Поднес Сулейману сирийский ковчег из золота и хрусталя в неимоверно дорогих самоцветах, коря себя за непростительную забывчивость, ибо должен был поднести этот ковчежец вместе с головой предателя Джамберди Газали, от которого спас престол четыре года назад. Сулейман хмуро молчал. Не отозвался на шутку, не поблагодарил за ту прежнюю услугу, оказанную трону его зятем. Ферхад-паша не смутился. Хлопнул в ладоши, и его пажи внесли два мужских и два женских одеяния из златотканого шелка, сшитых по-персидски.
– Кланяюсь вашему султанскому величеству и прекрасной султанше хасеки, – поднес Ферхад-паша подарки Сулейману. – После того как мои янычары погуляли среди кызылбашей, у тех пропала охота бунтовать, единственное, на что они теперь способны, – это шить такие одежды.
Сулейман наконец смилостивился. Принял дары. Велел окутать Ферхад-пашу дорогим кафтаном, подать ему на золотом подносе кучу дукатов. Это взбодрило Ферхад-пашу, и он не медля перешел от поклонов, острот и лести к жалобам.

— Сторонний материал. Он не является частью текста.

(* Let $\vec B=(b_0,\dots,b_{N-1})$ be a binary digit vector with cumulative digit function $g$. Let $x\in(0,1)$ and write $x=\sum_{i=1}^\infty n_i N^{-i}$ with $n_i\in\{0,1,\dots,N-1\}$. Then $$F_{\vec B}(x)=\sum_{i=1}^\infty\Big(\prod_{k=1}^{i-1}b_{n_k}\Big)\frac{g(n_i)}{\|\vec B\|^i}.$$
   Context: A binary digit vector of length (scale factor) $N\ge3$ is $\vec B=(b_0,\dots,b_{N-1})\in\{0,1\}^N$ with $2\le\|\vec B\|:=\sum_i b_i\le N-1$; its digit set is $D=\{i:b_i=1\}$. With $\phi_d(x)=(x+d)/N$ for $d\in D$, let $\mu_{\vec B}$ be the unique Borel probability measure with $\mu_{\vec B}=\frac{1}{\|\vec B\|}\sum_{d\in D}\mu_{\vec B}\circ\phi_d^{-1}$, supported on the attractor $C_{\vec B}\subset[0,1]$. The CDF is $F_{\vec B}(x)=\mu_{\vec B}([0,x])$. The cumulative digit function is $g(0)=0$, $g(i)=\sum_{j=0}^{i-1}b_j$ for $1\le i\le N$. An empty product equals $1$. *)

theory Defs
  imports "HOL-Probability.Probability"
begin

text \<open>A binary digit vector of length N is represented by b :: nat => nat,
  with b i \<in> {0,1} for i < N (values at i >= N are irrelevant).\<close>

definition digit_vector :: "nat \<Rightarrow> (nat \<Rightarrow> nat) \<Rightarrow> bool" where
  "digit_vector N b \<longleftrightarrow> 3 \<le> N \<and> (\<forall>i<N. b i \<in> {0,1})
     \<and> 2 \<le> (\<Sum>i<N. b i) \<and> (\<Sum>i<N. b i) \<le> N - 1"

definition digit_norm :: "nat \<Rightarrow> (nat \<Rightarrow> nat) \<Rightarrow> nat" where
  "digit_norm N b = (\<Sum>i<N. b i)"

definition digit_set :: "nat \<Rightarrow> (nat \<Rightarrow> nat) \<Rightarrow> nat set" where
  "digit_set N b = {i. i < N \<and> b i = 1}"

definition cum_digit :: "(nat \<Rightarrow> nat) \<Rightarrow> nat \<Rightarrow> nat" where
  "cum_digit b i = (\<Sum>j<i. b j)"

definition phi :: "nat \<Rightarrow> nat \<Rightarrow> real \<Rightarrow> real" where
  "phi N d x = (x + real d) / real N"

definition self_similar_measure :: "nat \<Rightarrow> (nat \<Rightarrow> nat) \<Rightarrow> real measure \<Rightarrow> bool" where
  "self_similar_measure N b \<mu> \<longleftrightarrow> prob_space \<mu> \<and> sets \<mu> = sets borel \<and>
     (\<forall>A\<in>sets borel. measure \<mu> A =
        (1 / real (digit_norm N b)) * (\<Sum>d\<in>digit_set N b. measure \<mu> (phi N d -` A)))"

definition cdf_of :: "real measure \<Rightarrow> real \<Rightarrow> real" where
  "cdf_of \<mu> x = measure \<mu> {0..x}"

end

theory Submission
  imports Defs
begin

(*
  Self-similarity gives the functional equation F((a + y) / N) = (g(a) + b_a F(y)) / ||B||
  for every digit a < N and y in [0,1]. Deriving it needs that mu lives on [0,1] and has no
  atom at 0. The first holds because the preimages of the complement of the t-neighbourhood
  of [0,1] lie in the complement of its Nt-neighbourhood, so the measure of these complements
  can only grow when t is scaled by N, while it tends to 0 as t grows; the second because
  mu{0} = b_0 mu{0} / ||B||. Applying the equation to the tails 0.n_(k+1) n_(k+2) ... of the
  expansion of x and unrolling it K times leaves the remainder
  b_(n_1) ... b_(n_K) F(t_K) / ||B||^K, which tends to 0 since ||B|| >= 2.
*)

locale binary_self_similar_measure =
  fixes N :: nat and b :: "nat \<Rightarrow> nat" and \<mu> :: "real measure"
  assumes binary_digits: "\<And>i. i < N \<Longrightarrow> b i \<in> {0, 1}"
    and digit_norm_ge_2: "2 \<le> digit_norm N b"
    and self_similar: "self_similar_measure N b \<mu>"
begin

sublocale prob_space \<mu>
  using self_similar by (simp add: self_similar_measure_def)

lemma sets_eq_borel [simp]: "sets \<mu> = sets borel"
  using self_similar by (simp add: self_similar_measure_def)

lemma space_eq_UNIV [simp]: "space \<mu> = UNIV"
  using sets_eq_imp_space_eq[OF sets_eq_borel] by simp

lemma measure_self_similar:
  "A \<in> sets borel \<Longrightarrow>
    measure \<mu> A = (\<Sum>d\<in>digit_set N b. measure \<mu> (phi N d -` A)) / digit_norm N b"
  using self_similar by (simp add: self_similar_measure_def)

lemma finite_digit_set [simp]: "finite (digit_set N b)"
  by (simp add: digit_set_def)

lemma digit_set_less: "d \<in> digit_set N b \<Longrightarrow> d < N"
  by (simp add: digit_set_def)

lemma digit_eq_of_bool: "a < N \<Longrightarrow> real (b a) = of_bool (a \<in> digit_set N b)"
  using binary_digits[of a] by (auto simp: digit_set_def)

lemma cum_digit_eq_card:
  assumes "a \<le> N"
  shows "cum_digit b a = card (digit_set N b \<inter> {..<a})"
proof -
  have "real (cum_digit b a) = (\<Sum>j<a. of_bool (j \<in> digit_set N b))"
    unfolding cum_digit_def of_nat_sum using assms by (intro sum.cong) (auto simp: digit_eq_of_bool)
  also have "\<dots> = card (digit_set N b \<inter> {..<a})"
    by (simp add: Int_commute)
  finally show ?thesis by linarith
qed

lemma digit_norm_eq_card: "digit_norm N b = card (digit_set N b)"
proof -
  have "digit_norm N b = cum_digit b N"
    by (simp add: digit_norm_def cum_digit_def)
  also have "\<dots> = card (digit_set N b \<inter> {..<N})"
    by (simp add: cum_digit_eq_card)
  also have "digit_set N b \<inter> {..<N} = digit_set N b"
    using digit_set_less by blast
  finally show ?thesis .
qed

lemma N_ge_2: "2 \<le> N"
proof -
  have "card (digit_set N b) \<le> card {..<N}"
    using digit_set_less by (intro card_mono) auto
  then show ?thesis using digit_norm_ge_2 by (simp add: digit_norm_eq_card)
qed

lemma measurable_phi [measurable]: "phi N d \<in> borel_measurable borel"
  unfolding phi_def by measurable

lemma phi_preimage_exterior:
  fixes t :: real
  assumes "0 \<le> t" "d < N"
  shows "phi N d -` (- {-t..1 + t}) \<subseteq> - {-(N * t)..1 + N * t}"
proof -
  have "phi N d z \<in> {-t..1 + t}" if "z \<in> {-(N * t)..1 + N * t}" for z :: real
  proof -
    have "real d + 1 \<le> N" using assms(2) by linarith
    then have "- (N * t) \<le> z + d \<and> z + d \<le> N * (1 + t)"
      using that assms(1) by (auto simp: algebra_simps)
    then show ?thesis using N_ge_2 by (simp add: phi_def field_simps)
  qed
  then show ?thesis by blast
qed

lemma measure_exterior_le:
  fixes t :: real
  assumes "0 \<le> t"
  shows "measure \<mu> (- {-t..1 + t}) \<le> measure \<mu> (- {-(N * t)..1 + N * t})"
proof -
  have "measure \<mu> (- {-t..1 + t}) =
      (\<Sum>d\<in>digit_set N b. measure \<mu> (phi N d -` (- {-t..1 + t}))) / digit_norm N b"
    by (rule measure_self_similar) simp
  also have "\<dots> \<le> (\<Sum>d\<in>digit_set N b. measure \<mu> (- {-(N * t)..1 + N * t})) / digit_norm N b"
    using phi_preimage_exterior[OF assms] digit_set_less
    by (intro divide_right_mono sum_mono finite_measure_mono) auto
  also have "\<dots> = measure \<mu> (- {-(N * t)..1 + N * t})"
    using digit_norm_ge_2 by (auto simp: digit_norm_eq_card)
  finally show ?thesis .
qed
lemma matrix_inv_diag_mat:
  assumes "\<And>j. v $ j \<noteq> 0"
  shows "matrix_inv (diag_mat v) = diag_mat (\<chi> j. inverse (v $ j))"
proof -
  have "diag_mat (\<chi> j. 1) = (mat 1 :: real^'k^'k)" by (simp add: diag_mat_def mat_def vec_eq_iff)
  then have inv: "diag_mat v ** diag_mat (\<chi> j. inverse (v $ j)) = mat 1 \<and>
      diag_mat (\<chi> j. inverse (v $ j)) ** diag_mat v = mat 1"
    using assms by (simp add: diag_mat_mult_diag_mat)
  then have "diag_mat v ** matrix_inv (diag_mat v) = mat 1 \<and> matrix_inv (diag_mat v) ** diag_mat v = mat 1"
    unfolding matrix_inv_def by (rule someI)
  then show ?thesis
    using inv by (metis matrix_mul_assoc matrix_mul_lid matrix_mul_rid)
qed

lemma jacobian_id_plus_const_minus_ln:
  fixes g :: "real^'k::finite \<Rightarrow> real^'k" and a :: "'k \<Rightarrow> real"
  assumes "g differentiable (at x)" and pos: "\<And>j. 0 < g x $ j"
  defines "f \<equiv> \<lambda>y. y + (\<chi> j. a j - ln (g y $ j))"
  shows "f differentiable (at x) \<and> jacobian f (at x) = mat 1 - matrix_inv (diag_mat (g x)) ** jacobian g (at x)"
proof -
  obtain g' where g': "(g has_derivative g') (at x)" using assms(1) by (auto simp: differentiable_def)
  define f' where "f' h = h + (\<chi> j. 0 - g' h $ j * inverse (g x $ j))" for h
  have "((\<lambda>y. ln (g y $ j)) has_derivative (\<lambda>h. g' h $ j * inverse (g x $ j))) (at x)" for j
    by (rule DERIV_compose_FDERIV[where g = "\<lambda>y. g y $ j", OF DERIV_ln[OF pos]
          bounded_linear.has_derivative[OF bounded_linear_vec_nth g']])
  then have "((\<lambda>y. a j - ln (g y $ j)) has_derivative (\<lambda>h. 0 - g' h $ j * inverse (g x $ j))) (at x)" for j
    by (intro has_derivative_diff has_derivative_const)
  then have f': "(f has_derivative f') (at x)"
    unfolding f_def f'_def[abs_def] by (intro has_derivative_add has_derivative_ident has_derivative_vec_lambda)
  have "matrix f' = mat 1 - diag_mat (\<chi> j. inverse (g x $ j)) ** matrix g'"
    by (simp add: f'_def matrix_def diag_mat_mult mat_def vec_eq_iff axis_def mult.commute)
  moreover have "matrix_inv (diag_mat (g x)) = diag_mat (\<chi> j. inverse (g x $ j))"
    using pos by (simp add: matrix_inv_diag_mat less_imp_neq[symmetric])
  ultimately have "jacobian f (at x) = mat 1 - matrix_inv (diag_mat (g x)) ** jacobian g (at x)"
    by (simp add: jacobian_def frechet_derivative_at[OF f', symmetric] frechet_derivative_at[OF g', symmetric])
  with f' show ?thesis by (auto simp: differentiable_def)
qed

section \<open>The log-partition function\<close>

lemma hermitian_lin_comb: "(\<And>j. hermitian (F j)) \<Longrightarrow> hermitian (lin_comb l F)"
  unfolding lin_comb_def by (intro hermitian_sum hermitian_scaleR)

– Вы отторгли верного раба своего от света очей ваших, мой султан! – воскликнул он с нескрываемым укором.
– Верность доказывают делами, – заметил султан.
– Делами? – Ферхад-паша мгновенно забыл, что перед ним не просто сановный родственник, а загадочный всемогущий повелитель. Все обиды, собираемые на протяжении нескольких лет, усиленные гаремными нашептываниями, обожанием янычар, мгновенно вскипели в нем, выплеснулись неудержимо и непроизвольно. – Какими же делами, мой султан? Вспомните-ка: кто больше сделал для вас со дня вступления вашего на престол, нежели Ферхад-паша? Сидели бы вы на этом золотом троне, если бы я не принес вам голову предателя Джамберди? Назывался бы султан Сулейманом, если бы Ферхад-паша пошел на сговор с тем же Джамберди, или с туркменскими ханами, или с кызылбашами? А теперь от Ферхад-паши требуют еще каких-то дел. Я не слезал с коня целых двадцать лет, я ходил с великим султаном Селимом против шаха и против халифа, я отчаянно дрался с неверными и изменниками, получал раны – и за это меня, как собаку, выгнали из визирского дивана, послали жалким санджак-беком, а Сирия и Египет отданы тому, кто еще ни единого раза не взхмахнул мечом!
– Ты ободрал наши восточные провинции так, что они до сих пор ничего не дают в казну, – спокойно сказал Сулейман.
Ферхад-паша должен был бы почуять в этом спокойствии угрозу для себя, но, увлеченный своими обвинениями, он утратил всякую осторожность.
– Я ободрал? Посмотрим, что останется от Египта после этого грека, который вашими милостями ест и спит на золоте! А если я что-то и брал с тех бунтовщиков, то только затем, чтобы накормить бедных, вечно голодных детей ваших – янычар! И за это меня из визирей в санджак-беки?
– Ты опозорил даже звание санджак-бека. Допустил, чтобы пятнадцать тысяч славного исламского войска было побито пятью тысячами неверных. Потерпел позорное поражение, а потом еще и позорно бежал. Честный воин должен остаться на поле боя. Как ты смеешь жить после такого поражения?
Только теперь Ферхад-паша должным образом оценил предусмотрительность султана: свидетели здесь воистину нежелательны. Дильсизы не принимаются во внимание. Они немы, как мертвые. И все тут мертвое, даже этот султан, у которого не дрогнет ничто ни в лице, ни в окаменевшей фигуре. Но ведь он, Ферхад-паша, великий воин, царский зять, любимец янычар и всего войска, которое держит этот золотой престол, он жив и хочет жить!